We often misuse the word melodrama with abandon, especially to characterize other people’s behaviors, but Greg Vargo defines it for us once and for all. Emerging in the eighteenth and nineteenth centuries as the predominant Western theatrical form, it is a genre of crisis. To that end, it employed hyperbolic language, extreme situations, extraordinary coincidences, stark oppositions and so on. Greg talks about his own ongoing work on melodramas about race, their histories of performance, and the storied career of the African American actor Ira Aldridge.

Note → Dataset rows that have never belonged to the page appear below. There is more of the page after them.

lemma strict_mono_sine_of_slope: "strict_mono (\<lambda>y::real. y / sqrt (1 + y\<^sup>2))"
proof (rule strict_monoI)
  fix x y :: real
  assume "x < y"
  then have "sin (arctan x) < sin (arctan y)"
    using arctan_bounded[of x] arctan_bounded[of y] by (simp add: sin_mono_less_eq arctan_less_iff)
  then show "x / sqrt (1 + x\<^sup>2) < y / sqrt (1 + y\<^sup>2)"
    by (simp add: sin_arctan)
qed

lemma sine_of_slope_of_circle:
  fixes r R :: real
  assumes "\<bar>r\<bar> < R"
  shows "(r / sqrt (R\<^sup>2 - r\<^sup>2)) / sqrt (1 + (r / sqrt (R\<^sup>2 - r\<^sup>2))\<^sup>2) = r / R"
proof -
  have pos: "0 < R\<^sup>2 - r\<^sup>2"
    using power_strict_mono[of "\<bar>r\<bar>" R 2] assms by simp
  then have "1 + (r / sqrt (R\<^sup>2 - r\<^sup>2))\<^sup>2 = (R / sqrt (R\<^sup>2 - r\<^sup>2))\<^sup>2"
    by (simp add: power_divide field_simps)
  then show ?thesis
    using assms pos by simp
qed

lemma has_real_derivative_circle_primitive:
  fixes r R :: real
  assumes "\<bar>r\<bar> < R"
  shows "((\<lambda>x. (x * sqrt (R\<^sup>2 - x\<^sup>2) + R\<^sup>2 * arcsin (x / R)) / 2) has_real_derivative
           sqrt (R\<^sup>2 - r\<^sup>2)) (at r)"
proof -
  have pos: "0 < R\<^sup>2 - r\<^sup>2"
    using power_strict_mono[of "\<bar>r\<bar>" R 2] assms by simp
  have R: "0 < R" using assms by linarith
  have scaled: "sqrt (1 - (r / R)\<^sup>2) = sqrt (R\<^sup>2 - r\<^sup>2) / R"
    using R by (simp add: power_divide field_simps real_sqrt_divide)
  have sqrt_sq: "sqrt (R * R - r * r) * (sqrt (R * R - r * r) * c) = (R * R - r * r) * c" for c
    using pos by (simp add: power2_eq_square flip: mult.assoc)
  show ?thesis
    using assms pos R scaled
    by (auto intro!: derivative_eq_intros simp: abs_less_iff divide_simps power2_eq_square sqrt_sq)
qed

section \<open>The first integral\<close>

locale capillary_profile =
  fixes \<kappa> u0 a :: real and u du :: "real \<Rightarrow> real"
  assumes kappa_pos: "\<kappa> > 0" and u0_pos: "u0 > 0" and a_pos: "a > 0"
    and u_deriv: "\<And>r. r \<in> {0..<a} \<Longrightarrow> (u has_real_derivative du r) (at r within {0..<a})"
    and slope_sine_deriv: "\<And>r. r \<in> {0..<a} \<Longrightarrow>
           ((\<lambda>s. du s / sqrt (1 + (du s)\<^sup>2)) has_real_derivative \<kappa> * u r) (at r within {0..<a})"
    and u_0: "u 0 = u0" and du_0: "du 0 = 0"
begin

Greg Vargo is Associate Professor at the Department of English, New York University. His research focuses on the literary and cultural milieu of nineteenth-century British protest movements and the interplay between politics, periodical culture, the novel and theater. His first book, An Underground History of Early Victorian Fiction: Chartism, Radical Print Culture, and the Social Problem Novel (Cambridge UP, 2018), won the 2019 North American Victorian Studies Association’s award for best book of the year in Victorian Studies. He has recently edited Chartist Drama (Manchester UP, 2020), a collection of four plays written or performed by members of the working-class movement for social and political rights known as Chartism. A new project focuses on anti-imperialism in nineteenth-century popular culture (across such media as penny novels and stage melodrama) as well as in radical politics.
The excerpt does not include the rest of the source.